Relevant input data for crack feature segmentation with deep learning on SEM imagery and topography data

Fractography plays a critical role in failure analysis of engineering components and has a considerable importance for safety investigations. Usually, the interpretation of fracture surfaces is done by experts with the help of literature and experimental data, that requires a lot of experience. The use of deep learning (DL) with neural networks in failure analysis becomes more and more relevant with the rapidly developing possibilities. Especially, the modern network architectures can assist fractographers in determining various fracture features on SEM images of the fracture surfaces. The basis for the best possible evaluation is the understanding of the influence of the input data used for training deep neural networks (DNN).
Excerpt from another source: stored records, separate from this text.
lemma weighted_heat_kernel_integral:
  assumes p: "1 < p" and c: "0 < c" and A: "0 \<le> A"
  shows "(\<integral>\<^sup>+\<tau>. ennreal ((A * \<tau> powr (- 1 / p)) powr (p - 1) * weighted_heat_kernel p c k \<tau>)
            * indicator {0<..} \<tau> \<partial>lborel)
    = ennreal (A powr (p - 1) * Gamma (1 / p) / c powr (1 / p))"
proof -
  define b where "b = c * 4 powr real_of_int k"
  have b: "0 < b"
    using c by (simp add: b_def)
  have "ennreal ((A * \<tau> powr (- 1 / p)) powr (p - 1) * weighted_heat_kernel p c k \<tau>) * indicator {0<..} \<tau>
      = ennreal (A powr (p - 1) * 4 powr (real_of_int k / p))
        * (ennreal (\<tau> powr (1 / p - 1) * exp (- b * \<tau>)) * indicator {0<..} \<tau>)" for \<tau>
  proof (cases "0 < \<tau>")
    case True
    have "(A * \<tau> powr (- 1 / p)) powr (p - 1) = A powr (p - 1) * \<tau> powr (1 / p - 1)"
    proof -
      have "- 1 / p * (p - 1) = 1 / p - 1"
        using p by (simp add: field_simps)
      then show ?thesis
        using A True by (simp add: powr_mult powr_powr)
    qed
    then show ?thesis
      using True A
      by (simp add: weighted_heat_kernel_def heat_kernel_f_eq b_def mult_ac flip: ennreal_mult)
  qed simp
  then have "(\<integral>\<^sup>+\<tau>. ennreal ((A * \<tau> powr (- 1 / p)) powr (p - 1) * weighted_heat_kernel p c k \<tau>)
            * indicator {0<..} \<tau> \<partial>lborel)
      = ennreal (A powr (p - 1) * 4 powr (real_of_int k / p)) * ennreal (Gamma (1 / p) / b powr (1 / p))"
    using p b nn_integral_powr_exp[of "1 / p" b] by (simp add: nn_integral_cmult)
  also have "b powr (1 / p) = c powr (1 / p) * 4 powr (real_of_int k / p)"
    using c by (simp add: b_def powr_mult powr_powr)
  also have "ennreal (A powr (p - 1) * 4 powr (real_of_int k / p))
      * ennreal (Gamma (1 / p) / (c powr (1 / p) * 4 powr (real_of_int k / p)))
      = ennreal (A powr (p - 1) * Gamma (1 / p) / c powr (1 / p))"
    using p by (simp add: field_simps flip: ennreal_mult)
  finally show ?thesis .
qed

lemma four_powr_weight_powr_eq:
  assumes "0 < p" "0 \<le> a"
  shows "(4 powr (- real_of_int k / p) * a) powr p = 2 powi (- 2 * k) * a powr p"
proof -
  have "(2::real) powr (2 * - real_of_int k) = (2 powr 2) powr (- real_of_int k)"
    by (simp only: powr_powr)
  then have "(4 powr (- real_of_int k / p)) powr p = 2 powr real_of_int (- 2 * k)"
    using assms by (simp add: powr_powr)
  also have "\<dots> = 2 powi (- 2 * k)"
    by (rule powr_real_of_int') auto
  finally show ?thesis
    using assms by (simp add: powr_mult)
qed

lemma heat_kernel_convolution_bound:
  fixes p c :: real
  assumes p: "1 < p" and c: "0 < c"
  obtains C where "0 < C"
    and "\<And>T (g :: int \<Rightarrow> real \<Rightarrow> real) (\<Phi> :: real \<Rightarrow> real \<Rightarrow> real).
      (\<And>j. set_borel_measurable lborel {0<..<T} (g j)) \<Longrightarrow>
      (\<And>t s. 0 < s \<Longrightarrow> s < t \<Longrightarrow> t < T \<Longrightarrow>
        0 \<le> \<Phi> t s \<and> ennreal (\<Phi> t s) \<le> (\<Sum>\<^sub>\<infinity>j. ennreal (heat_kernel_f c j (t - s) * \<bar>g j s\<bar>))) \<Longrightarrow>
      (\<integral>\<^sup>+t. (\<integral>\<^sup>+s. ennreal (\<Phi> t s powr p) * indicator {0<..<t} s \<partial>lborel)
          * indicator {0<..<T} t \<partial>lborel)
        \<le> ennreal C * (\<integral>\<^sup>+s. (\<Sum>\<^sub>\<infinity>j. ennreal (2 powi (- 2 * j) * \<bar>g j s\<bar> powr p))
          * indicator {0<..<T} s \<partial>lborel)"
proof -
  obtain A where A: "0 < A"
    and sum_bound: "\<And>\<tau>. 0 < \<tau> \<Longrightarrow> (\<Sum>\<^sub>\<infinity>k. ennreal (weighted_heat_kernel p c k \<tau>)) \<le> ennreal (A * \<tau> powr (- 1 / p))"
    using weighted_heat_kernel_sum_bound[OF p c] by blast
  define C where "C = A powr (p - 1) * Gamma (1 / p) / c powr (1 / p)"
  have "0 < C"
    using A p c by (simp add: C_def)
  moreover have "(\<integral>\<^sup>+t. (\<integral>\<^sup>+s. ennreal (\<Phi> t s powr p) * indicator {0<..<t} s \<partial>lborel)
          * indicator {0<..<T} t \<partial>lborel)
        \<le> ennreal C * (\<integral>\<^sup>+s. (\<Sum>\<^sub>\<infinity>j. ennreal (2 powi (- 2 * j) * \<bar>g j s\<bar> powr p))
          * indicator {0<..<T} s \<partial>lborel)"
    if g: "\<And>j. set_borel_measurable lborel {0<..<T} (g j)"
      and \<Phi>: "\<And>t s. 0 < s \<Longrightarrow> s < t \<Longrightarrow> t < T \<Longrightarrow>
        0 \<le> \<Phi> t s \<and> ennreal (\<Phi> t s) \<le> (\<Sum>\<^sub>\<infinity>j. ennreal (heat_kernel_f c j (t - s) * \<bar>g j s\<bar>))"
    for T g \<Phi>
  proof -
    define y where "y j s = 4 powr (- real_of_int j / p) * \<bar>indicator {0<..<T} s * g j s\<bar>" for j s
    have [measurable]: "(\<lambda>s. indicator {0<..<T} s * g j s) \<in> borel_measurable borel" for j
      using g[of j] by (simp add: set_borel_measurable_def)
    have [measurable]: "y j \<in> borel_measurable borel" for j
      unfolding y_def by measurable
    have "(\<integral>\<^sup>+t. (\<integral>\<^sup>+s. ennreal (\<Phi> t s powr p) * indicator {0<..<t} s \<partial>lborel)
          * indicator {0<..<T} t \<partial>lborel)
        \<le> ennreal C * (\<integral>\<^sup>+s. (\<Sum>\<^sub>\<infinity>j. ennreal (y j s powr p)) * indicator {0<..<T} s \<partial>lborel)"
    proof (rule convolution_Schur_test[where \<psi> = "weighted_heat_kernel p c" and B = "\<lambda>\<tau>. A * \<tau> powr (- 1 / p)"])
      show "(\<integral>\<^sup>+\<tau>. ennreal ((A * \<tau> powr (- 1 / p)) powr (p - 1) * weighted_heat_kernel p c k \<tau>)
          * indicator {0<..} \<tau> \<partial>lborel) \<le> ennreal C" for k
        using weighted_heat_kernel_integral[OF p c, of A k] A by (simp add: C_def)
      show "0 \<le> \<Phi> t s \<and> ennreal (\<Phi> t s) \<le> (\<Sum>\<^sub>\<infinity>k. ennreal (weighted_heat_kernel p c k (t - s) * y k s))"
        if "0 < s" "s < t" "t < T" for t s
      proof -
        have "weighted_heat_kernel p c k (t - s) * y k s = heat_kernel_f c k (t - s) * \<bar>g k s\<bar>" for k
          using that by (simp add: weighted_heat_kernel_def y_def powr_minus field_simps)
        then show ?thesis
          using \<Phi>[OF that] by simp
      qed
    qed (use p A sum_bound in \<open>auto simp: weighted_heat_kernel_nonneg y_def weighted_heat_kernel_def
          heat_kernel_f_eq\<close>)
    also have "(\<integral>\<^sup>+s. (\<Sum>\<^sub>\<infinity>j. ennreal (y j s powr p)) * indicator {0<..<T} s \<partial>lborel)
        = (\<integral>\<^sup>+s. (\<Sum>\<^sub>\<infinity>j. ennreal (2 powi (- 2 * j) * \<bar>g j s\<bar> powr p))
          * indicator {0<..<T} s \<partial>lborel)"
      using p by (intro nn_integral_cong) (auto simp: y_def four_powr_weight_powr_eq[simplified] indicator_def)
    finally show ?thesis .
  qed
  ultimately show ?thesis
    using that by blast
qed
Therefore, this study discusses the influence of the selection of the input data used for the prediction quality of these networks in order to take this into account for future data acquisition. Specimens of various metallic materials were subjected to fatigue cracking experiment under laboratory conditions. The fractured surfaces were then imaged using various modes or detectors (such as SE, BSE and topography) in SEM, and those captured images were used to create a training data set. The relevance of the individual data for the quality of the prediction is determined by a specific combination of the different detector data. For the training, the well-established architecture of a UNet-ResNet34 with a fixed set of hyperparameters is used. It has been found in this present study that the combination of all input data significantly increases the prediction accuracy, whereby even the combination of SE and BSE data provides considerable advantages over the exclusive use of SE images.